--- Data records ---

lemma blue_undominated_nbr_unique:
  assumes "blue E D b" "E b u" "\<not> tdom E D u" "E b u'" "\<not> tdom E D u'"
  shows "u' = u"
proof (rule ccontr)
  assume "u' \<noteq> u"
  with assms have "distinct [b, u, u']" by (auto simp: blue_def)
  moreover have "set [b, u, u'] \<subseteq> V" using assms(2,4)[THEN edge_in_V] by simp
  ultimately have "gain E D b b + gain E D b u + gain E D b u' \<le> 4"
    using gains_le_4[OF assms(2,3), of "[b, u, u']"] by simp
  with gain_blue_self[OF assms(1)] gain_undominated_nbr[OF assms(2,3)]
    gain_undominated_nbr[OF assms(4,5)] show False by linarith
qed

text \<open>Dominating the unique undominated neighbour of a blue vertex turns it red.\<close>

lemma gain_blue_sharing_nbr:
  assumes "blue E D b" "E b u" "\<not> tdom E D u" "E v u"
  shows "gain E D v b = 1"
proof (rule gain_blue_settled[OF assms(1)], intro allI impI)
  fix w assume "E b w"
  show "tdom E (insert v D) w"
  proof (cases "tdom E D w")
    case False
    hence "w = u" using blue_undominated_nbr_unique[OF assms(1-3) \<open>E b w\<close>] by simp
    thus ?thesis using edge_sym[OF assms(4)] by (simp add: tdom_def)
  qed (rule tdom_insert)
qed

lemma res_edge_blue_iff_eq:
  assumes "blue E D b" "E b u" "\<not> tdom E D u"
  shows "res_edge V E D b z \<longleftrightarrow> z = u"
  using res_edge_blue_iff[OF assms(1)] blue_undominated_nbr_unique[OF assms] assms(2,3) by blast

lemma green_no_three_nbrs:
  assumes "green E D g" "E g b1" "E g b2" "E g b3"
  shows "\<not> distinct [b1, b2, b3]"
proof
  assume "distinct [b1, b2, b3]"
  have nt: "\<not> tdom E D g" using assms(1) by (simp add: green_def)
  have blue: "blue E D y" if "E g y" for y
    using nbr_of_undominated_blue[OF nt that nbr_of_green_dominated[OF assms(1) that]] .
  have gain_g: "gain E D b1 g = 2"
  proof -
    have "tdom E (insert b1 D) g" using assms(2) by (simp add: tdom_def)
    moreover have "\<forall>w. E g w \<longrightarrow> tdom E (insert b1 D) w"
      using nbr_of_green_dominated[OF assms(1)] tdom_insert[of E D _ b1] by blast
    ultimately have "gain E D b1 g = int (weight E D g)" by (rule gain_settled)
    thus ?thesis using assms(1) by (simp add: weight_def white_def green_def)
  qed
  have "distinct [g, b1, b2, b3]"
    using \<open>distinct [b1, b2, b3]\<close> assms(2-4) edge_irrefl by auto
  moreover have "set [g, b1, b2, b3] \<subseteq> V" using assms(2-4)[THEN edge_in_V] by simp
  ultimately have "gain E D b1 g + gain E D b1 b1 + gain E D b1 b2 + gain E D b1 b3 \<le> 4"
    using gains_le_4[OF edge_sym[OF assms(2)] nt, of "[g, b1, b2, b3]"] by simp
  thus False
    using gain_g gain_blue_self[OF blue[OF assms(2)]]
      gain_blue_sharing_nbr[OF blue[OF assms(3)] edge_sym[OF assms(3)] nt edge_sym[OF assms(2)]]
      gain_blue_sharing_nbr[OF blue[OF assms(4)] edge_sym[OF assms(4)] nt edge_sym[OF assms(2)]]
    by linarith
qed

lemma white_dominated_nbrs_unique:
  assumes "white E D w" "\<forall>y. E w y \<longrightarrow> tdom E D y" "E w b1" "E w b2"
  shows "b1 = b2"
proof (rule ccontr)
  assume "b1 \<noteq> b2"
  have nt: "\<not> tdom E D w" using assms(1) by (simp add: white_def)
  have blue: "blue E D y" if "E w y" for y
    using nbr_of_undominated_blue[OF nt that] assms(2) that by blast
  have gain_w: "gain E D b1 w = 3"
  proof -
    have "tdom E (insert b1 D) w" using assms(3) by (simp add: tdom_def)
    moreover have "\<forall>y. E w y \<longrightarrow> tdom E (insert b1 D) y"
      using assms(2) tdom_insert[of E D _ b1] by blast
    ultimately have "gain E D b1 w = int (weight E D w)" by (rule gain_settled)
    thus ?thesis using assms(1) by (simp add: weight_def)
  qed
  have "distinct [w, b1, b2]" using \<open>b1 \<noteq> b2\<close> assms(3,4) edge_irrefl by auto
  moreover have "set [w, b1, b2] \<subseteq> V" using assms(3,4)[THEN edge_in_V] by simp
  ultimately have "gain E D b1 w + gain E D b1 b1 + gain E D b1 b2 \<le> 4"
    using gains_le_4[OF edge_sym[OF assms(3)] nt, of "[w, b1, b2]"] by simp
  thus False
    using gain_w gain_blue_self[OF blue[OF assms(3)]]
      gain_blue_sharing_nbr[OF blue[OF assms(4)] edge_sym[OF assms(4)] nt edge_sym[OF assms(3)]]
    by linarith
qed

lemma white_undominated_nbr_unique:
  assumes "white E D w" "E w w'" "\<not> tdom E D w'" "E w u" "\<not> tdom E D u"
  shows "u = w'"
proof (rule ccontr)
  assume "u \<noteq> w'"
  hence "distinct [w, w', u]" using assms(2,4) edge_irrefl by auto
  moreover have "set [w, w', u] \<subseteq> V" using assms(2,4)[THEN edge_in_V] by simp
  ultimately have "gain E D w w + gain E D w w' + gain E D w u \<le> 4"
    using gains_le_4[OF assms(2,3), of "[w, w', u]"] by simp
  with gain_white_self[OF assms(1)] gain_undominated_nbr[OF assms(2,3)]
    gain_undominated_nbr[OF assms(4,5)] show False by linarith
qed

lemma white_pair_other_nbr_unique:
  assumes "white E D w" "E w w'" "\<not> tdom E D w'" "E w' b1" "E w' b2" "b1 \<noteq> w" "b2 \<noteq> w"
  shows "b1 = b2"
proof (rule ccontr)
  assume "b1 \<noteq> b2"
  have nt: "\<not> tdom E D w" using assms(1) by (simp add: white_def)
  have "white E D w'" using white_if_undominated_nbr[OF assms(3) edge_sym[OF assms(2)] nt] .
  hence blue: "blue E D y" if "E w' y" "y \<noteq> w" for y
    using white_undominated_nbr_unique[OF _ edge_sym[OF assms(2)] nt that(1)] that
      nbr_of_undominated_blue[OF assms(3) that(1)] by blast
  have "distinct [w, w', b1, b2]" using \<open>b1 \<noteq> b2\<close> assms(2,4-7) edge_irrefl by auto
  moreover have "set [w, w', b1, b2] \<subseteq> V" using assms(2,4,5)[THEN edge_in_V] by simp
  ultimately have "gain E D w w + gain E D w w' + gain E D w b1 + gain E D w b2 \<le> 4"
    using gains_le_4[OF assms(2,3), of "[w, w', b1, b2]"] by simp
  thus False
    using gain_white_self[OF assms(1)] gain_undominated_nbr[OF assms(2,3)]
      gain_blue_sharing_nbr[OF blue[OF assms(4,6)] edge_sym[OF assms(4)] assms(3,2)]
      gain_blue_sharing_nbr[OF blue[OF assms(5,7)] edge_sym[OF assms(5)] assms(3,2)]
    by linarith
qed
(* Let $\mathcal H$ be an infinite-dimensional complex Hilbert space and let $\mathcal C_f(\mathcal H)$ be the set of closed forms in $\mathcal V_f(\mathcal H)$. Then $(\mathcal C_f(\mathcal H);\oplus_{|\mathcal C_f(\mathcal H)},o)$ is a generalized effect algebra.
   Context: Bilinear forms $t$ on $\mathcal H$ are sesquilinear maps $D(t)\times D(t)\to\mathbb C$ on a dense linear subspace $D(t)$ (linear in the first argument); $t$ is positive if $t(x,x)\ge0$ on $D(t)$, bounded if $\sup\{t(x,x)\mid x\in D(t),\|x\|=1\}<\infty$. The sum $t+s$ has domain $D(t)\cap D(s)$. $o$ is the zero form on $\mathcal H$. $\mathcal V_f(\mathcal H)$ is the set of positive bilinear forms with dense domain such that $D(t)=\mathcal H$ whenever $t$ is bounded; $t\oplus s$ is defined iff $t$ or $s$ is bounded or $D(t)=D(s)$, and then $t\oplus s=t+s$. A positive form $t$ is closed if $D(t)$ is a Hilbert space under $(x,y)_t=t(x,y)+(1+m_t)(x,y)$ with $m_t=\inf\{t(x,x)\mid x\in D(t),\|x\|=1\}$. For $Q\subseteq\mathcal V_f(\mathcal H)$, $x\oplus_{|Q}y$ is defined iff $x\oplus y$ is defined and lies in $Q$, and then equals $x\oplus y$. A generalized effect algebra is a structure $(E;\oplus,0)$ with a partial operation that is commutative and associative (when one side is defined), has $x\oplus0=x$, is cancellative, and satisfies $x\oplus y=0\Rightarrow x=y=0$. *)

theory Defs
  imports "HOL-Analysis.Analysis"
begin

text \<open>HOL-Analysis only provides real inner product spaces, so we introduce complex
  vector spaces, complex inner product spaces (inner product linear in the first
  argument) and complex Hilbert spaces as type classes.\<close>

class complex_vector = real_vector +
  fixes scaleC :: "complex \<Rightarrow> 'a \<Rightarrow> 'a"
  assumes scaleC_add_right: "scaleC a (x + y) = scaleC a x + scaleC a y"
    and scaleC_add_left: "scaleC (a + b) x = scaleC a x + scaleC b x"
    and scaleC_scaleC: "scaleC a (scaleC b x) = scaleC (a * b) x"
    and scaleC_one: "scaleC 1 x = x"
    and scaleR_scaleC: "scaleR r x = scaleC (complex_of_real r) x"

class complex_inner = complex_vector + real_normed_vector +
  fixes cinner :: "'a \<Rightarrow> 'a \<Rightarrow> complex"
  assumes cinner_commute: "cinner x y = cnj (cinner y x)"
    and cinner_add_left: "cinner (x + y) z = cinner x z + cinner y z"
    and cinner_scaleC_left: "cinner (scaleC r x) y = r * cinner x y"
    and cinner_self_real: "Im (cinner x x) = 0"
    and cinner_self_nonneg: "0 \<le> Re (cinner x x)"
    and cinner_self_eq_zero: "cinner x x = 0 \<longleftrightarrow> x = 0"
    and norm_eq_sqrt_cinner: "norm x = sqrt (Re (cinner x x))"

class chilbert_space = complex_inner + complete_space

definition cspan :: "'a::complex_vector set \<Rightarrow> 'a set" where
  "cspan S = {x. \<exists>F c. finite F \<and> F \<subseteq> S \<and> x = (\<Sum>v\<in>F. scaleC (c v) v)}"

definition infinite_dimensional :: "'a::complex_vector itself \<Rightarrow> bool" where
  "infinite_dimensional _ \<longleftrightarrow> \<not> (\<exists>S::'a set. finite S \<and> cspan S = UNIV)"

text \<open>To make equality of forms mean "same domain
  and same values on the domain", we require the value function to vanish outside
  the domain (canonical representative).\<close>

type_synonym 'a sform = "'a set \<times> ('a \<Rightarrow> 'a \<Rightarrow> complex)"

definition fdom :: "'a sform \<Rightarrow> 'a set" where "fdom t = fst t"
definition fval :: "'a sform \<Rightarrow> 'a \<Rightarrow> 'a \<Rightarrow> complex" where "fval t = snd t"

definition csubspace :: "'a::complex_vector set \<Rightarrow> bool" where
  "csubspace D \<longleftrightarrow> 0 \<in> D \<and> (\<forall>x\<in>D. \<forall>y\<in>D. x + y \<in> D) \<and> (\<forall>c. \<forall>x\<in>D. scaleC c x \<in> D)"

definition is_form :: "'a::chilbert_space sform \<Rightarrow> bool" where
  "is_form t \<longleftrightarrow> csubspace (fdom t) \<and> closure (fdom t) = UNIV
    \<and> (\<forall>x y. \<not> (x \<in> fdom t \<and> y \<in> fdom t) \<longrightarrow> fval t x y = 0)
    \<and> (\<forall>x\<in>fdom t. \<forall>y\<in>fdom t. \<forall>z\<in>fdom t.
          fval t (x + y) z = fval t x z + fval t y z
        \<and> fval t z (x + y) = fval t z x + fval t z y)
    \<and> (\<forall>c. \<forall>x\<in>fdom t. \<forall>y\<in>fdom t.
          fval t (scaleC c x) y = c * fval t x y
        \<and> fval t x (scaleC c y) = cnj c * fval t x y)"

---

» **Instructions for the task**
Search the records line by line for the word "shows" and copy every line where it appears.

» **Answer to the exercise**
  shows "u' = u"
  shows "gain E D v b = 1"
  shows "res_edge V E D b z \<longleftrightarrow> z = u"
  shows "\<not> distinct [b1, b2, b3]"
  shows "b1 = b2"
  shows "u = w'"
  shows "b1 = b2"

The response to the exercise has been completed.